The issue reported by @ramonsmits is NOT fixed by #1752, and has been copied to a new issue, #1760

@ramonsmits ramonsmits added the bug label Dec 16, 2024
@lukebakken lukebakken self-assigned this Dec 16, 2024
@lukebakken lukebakken added this to the 7.1.0 milestone Dec 16, 2024
@ZajacPiotr98
Copy link

ZajacPiotr98 commented Dec 19, 2024

I encountered similar problem, but kind of backwards, because this ObjectDisposedException caused closing connection with such close reason.

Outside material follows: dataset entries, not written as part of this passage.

text \<open>If \<open>L \<subseteq> K\<close> is such that \<open>S / L\<close> is again separated, then \<open>\<phi>\<close> factors through \<open>S / L\<close>, and
  minimality of the separated representation forces \<open>S \<rightarrow> S / L\<close> to be injective.\<close>

lemma sep_rep_trivial_submodule:
  fixes R :: "('a \<times> 'b) ring" and S :: "('a \<times> 'b, 's) module" and M :: "('a \<times> 'b, 't) module"
    and R1 :: "('a, 'm) ring_scheme" and R2 :: "('b, 'n) ring_scheme"
  assumes rep: "sep_rep R R1 R2 P1 P2 S M \<phi>" and M: "module R M"
    and I1: "{(a, \<zero>\<^bsub>R2\<^esub>) | a. a \<in> P1} \<subseteq> carrier R"
    and I2: "{(\<zero>\<^bsub>R1\<^esub>, b) | b. b \<in> P2} \<subseteq> carrier R"
    and L: "submodule L R S" and L_ker: "\<And>l. l \<in> L \<Longrightarrow> \<phi> l = \<zero>\<^bsub>M\<^esub>"
    and L_sep: "\<And>a1 a2. a1 \<in> ideal_mod_prod {(a, \<zero>\<^bsub>R2\<^esub>) | a. a \<in> P1} R S \<Longrightarrow>
       a2 \<in> ideal_mod_prod {(\<zero>\<^bsub>R1\<^esub>, b) | b. b \<in> P2} R S \<Longrightarrow> a1 \<ominus>\<^bsub>S\<^esub> a2 \<in> L \<Longrightarrow> a1 \<in> L"
  shows "L = {\<zero>\<^bsub>S\<^esub>}"
proof -
  let ?I1 = "{(a, \<zero>\<^bsub>R2\<^esub>) | a. a \<in> P1}" and ?I2 = "{(\<zero>\<^bsub>R1\<^esub>, b) | b. b \<in> P2}"
  have S: "module R S" and \<phi>: "mod_hom R S M \<phi>" using rep unfolding sep_rep_def by blast+
  interpret S: submodule_quotient R S L by (intro submodule_quotient.intro S submodule_quotient_axioms.intro L)
  interpret Q: module R S.quotient by (rule S.quotient_module)
  have "separated R R1 R2 P1 P2 S.quotient"
    unfolding separated_def
  proof
    show "ideal_mod_prod ?I1 R S.quotient \<inter> ideal_mod_prod ?I2 R S.quotient \<subseteq> {\<zero>\<^bsub>S.quotient\<^esub>}"
    proof
      fix y assume y: "y \<in> ideal_mod_prod ?I1 R S.quotient \<inter> ideal_mod_prod ?I2 R S.quotient"
      obtain a1 a2 where a1: "a1 \<in> ideal_mod_prod ?I1 R S" "y = S.coset_rep a1"
        and a2: "a2 \<in> ideal_mod_prod ?I2 R S" "y = S.coset_rep a2"
        using y unfolding S.ideal_mod_prod_quotient[OF I1] S.ideal_mod_prod_quotient[OF I2] by blast
      have "a1 \<in> carrier S" "a2 \<in> carrier S"
        using a1(1) a2(1) S.submoduleE(1)[OF S.submodule_ideal_mod_prod[OF I1]]
          S.submoduleE(1)[OF S.submodule_ideal_mod_prod[OF I2]] by blast+
      moreover have "S.coset_rep a1 = S.coset_rep a2" using a1(2) a2(2) by simp
      ultimately have "a1 \<ominus>\<^bsub>S\<^esub> a2 \<in> L" using S.coset_rep_eq_iff by blast
      then have "a1 \<in> L" using L_sep a1(1) a2(1) by blast
      then show "y \<in> {\<zero>\<^bsub>S.quotient\<^esub>}"
        using S.coset_rep_eq_zero_iff \<open>a1 \<in> carrier S\<close> a1(2) by (simp add: S.zero_quotient)
    qed
    show "{\<zero>\<^bsub>S.quotient\<^esub>} \<subseteq> ideal_mod_prod ?I1 R S.quotient \<inter> ideal_mod_prod ?I2 R S.quotient"
      using Q.submodule_zero[OF Q.submodule_ideal_mod_prod] I1 I2 by blast
  qed
  moreover have "\<forall>s\<in>carrier S. \<phi> (S.coset_rep s) = \<phi> s"
    using S.mod_hom_coset_rep[OF M \<phi> L_ker] by blast
  ultimately have "inj_on S.coset_rep (carrier S)"
    using rep S.quotient_module S.coset_rep_mod_hom S.mod_hom_quotient[OF M \<phi> L_ker]
    unfolding sep_rep_def by (elim conjE allE[of _ S.quotient] allE[of _ S.coset_rep] allE[of _ \<phi>]) blast
  moreover have "S.coset_rep l = S.coset_rep \<zero>\<^bsub>S\<^esub>" "l \<in> carrier S" if "l \<in> L" for l
    using S.coset_rep_eq_zero_iff that S.submoduleE(1)[OF L] by blast+
  ultimately show ?thesis
    using S.submodule_zero[OF L] by (blast dest: inj_onD)
qed

section \<open>Discrete valuation rings\<close>

lemma dvr_principal_domain: "dvr R P \<Longrightarrow> principal_domain R"
  unfolding dvr_def by blast

lemma dvr_not_in_ideal_imp_unit:
  fixes R (structure)
  assumes dvr: "dvr R P" and x: "x \<in> carrier R" and x_notin: "x \<notin> P"
  shows "x \<in> Units R"
proof (rule ccontr)
  assume not_unit: "x \<notin> Units R"
  interpret principal_domain R by (rule dvr_principal_domain[OF dvr])
  have P_max: "maximalideal P R" and P_unique: "\<And>I. maximalideal I R \<Longrightarrow> I = P"
    using dvr unfolding dvr_def by auto
  have "x \<noteq> \<zero>" using x_notin additive_subgroup.zero_closed[OF ideal.axioms(1)[OF maximalideal.axioms(1)[OF P_max]]]
    by auto
  then obtain b where b: "b \<in> carrier R" "ring_irreducible b" "b divides x"
    using exists_irreducible_divisor[of x] x not_unit by blast
  have "PIdl b = P" using P_unique irreducible_imp_maximalideal b(1,2) by blast
  moreover have "x \<in> PIdl b"
    using b(1,3) unfolding factor_def cgenideal_def by (auto simp: m_comm)
  ultimately show False using x_notin by simp
qed

lemma dvr_eq_unit_times_power:
  fixes R (structure)
  assumes dvr: "dvr R P" and P: "P = PIdl p" and p: "p \<in> carrier R"
  shows "z \<in> carrier R \<Longrightarrow> z \<noteq> \<zero> \<Longrightarrow> \<exists>k u. u \<in> Units R \<and> z = p [^] (k::nat) \<otimes> u"
proof -
  interpret principal_domain R by (rule dvr_principal_domain[OF dvr])
  have P_max: "maximalideal P R" and "P \<noteq> {\<zero>}" using dvr unfolding dvr_def by auto
  then have p_nonzero: "p \<noteq> \<zero>" using P p unfolding cgenideal_def by force
  have p_not_unit: "p \<notin> Units R"
  proof
    assume "p \<in> Units R"
    then have "\<one> \<in> P" unfolding P cgenideal_def using p by (auto intro!: exI[of _ "inv p"])
    then show False using P_max by (metis ideal.one_imp_carrier maximalideal.axioms(1) maximalideal.I_notcarr)
  qed
  let ?r = "{(x, y). x \<in> carrier (mult_of R) \<and> y \<in> carrier (mult_of R) \<and> properfactor (mult_of R) x y}"
  have "z \<in> carrier R \<longrightarrow> z \<noteq> \<zero> \<longrightarrow> (\<exists>k u. u \<in> Units R \<and> z = p [^] (k::nat) \<otimes> u)" for z
    using mult_of.division_wellfounded
  proof (induction z rule: wf_induct_rule)
    case (less z)
    show ?case
    proof (intro impI)
      assume z: "z \<in> carrier R" "z \<noteq> \<zero>"
      show "\<exists>k u. u \<in> Units R \<and> z = p [^] (k::nat) \<otimes> u"
      proof (cases "z \<in> Units R")
        case True
        then show ?thesis by (intro exI[of _ 0] exI[of _ z]) (simp add: z)
      next
        case False
        then have "z \<in> P" using dvr_not_in_ideal_imp_unit[OF dvr z(1)] by blast
        then obtain c where c: "c \<in> carrier R" "z = c \<otimes> p" unfolding P cgenideal_def by blast
        have "c \<noteq> \<zero>" using c z p by auto
        moreover have "properfactor (mult_of R) c z"
          using mult_of.properfactorI3[of z c p] c \<open>c \<noteq> \<zero>\<close> p p_nonzero p_not_unit by simp
        ultimately obtain k u where u: "u \<in> Units R" "c = p [^] (k::nat) \<otimes> u"
          using less.IH[of c] c(1) z by auto
        have "z = p [^] (Suc k) \<otimes> u" using c u p Units_closed[OF u(1)] by (simp add: m_ac)
        then show ?thesis using u(1) by blast
      qed
    qed
  qed
  then show "z \<in> carrier R \<Longrightarrow> z \<noteq> \<zero> \<Longrightarrow> \<exists>k u. u \<in> Units R \<and> z = p [^] (k::nat) \<otimes> u" by blast
qed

CloseReason: AMQP close-reason, initiated by Library, code=541, text='Cannot access a disposed object. Object name: 'System.Threading.SemaphoreSlim'.', classId=0, methodId=0, exception=System.ObjectDisposedException: Cannot access a disposed object. Object name: 'System.Threading.SemaphoreSlim'.
at System.Threading.SemaphoreSlim.WaitAsync(Int32 millisecondsTimeout, CancellationToken cancellationToken)
at RabbitMQ.Client.Impl.Channel.MaybeHandlePublisherConfirmationTcsOnChannelShutdownAsync(ShutdownEventArgs reason)
at RabbitMQ.Client.Impl.Channel.OnChannelShutdownAsync(ShutdownEventArgs reason)
at RabbitMQ.Client.Impl.Channel.OnSessionShutdownAsync(Object sender, ShutdownEventArgs reason)
at RabbitMQ.Client.Impl.AsyncEventingWrapper1.InternalInvoke(Delegate[] handlers, Object sender, TEvent event)
at RabbitMQ.Client.Impl.AsyncEventingWrapper1.InternalInvoke(Delegate[] handlers, Object sender, TEvent event)
at RabbitMQ.Client.Impl.Channel.HandleChannelCloseAsync(IncomingCommand cmd, CancellationToken cancellationToken)
at RabbitMQ.Client.Impl.Channel.HandleCommandAsync(IncomingCommand cmd, CancellationToken cancellationToken)
at RabbitMQ.Client.Framing.Connection.ProcessFrameAsync(InboundFrame frame, CancellationToken cancellationToken)
at RabbitMQ.Client.Framing.Connection.ReceiveLoopAsync(CancellationToken mainLoopCancellationToken) at RabbitMQ.Client.Framing.Connection.MainLoop()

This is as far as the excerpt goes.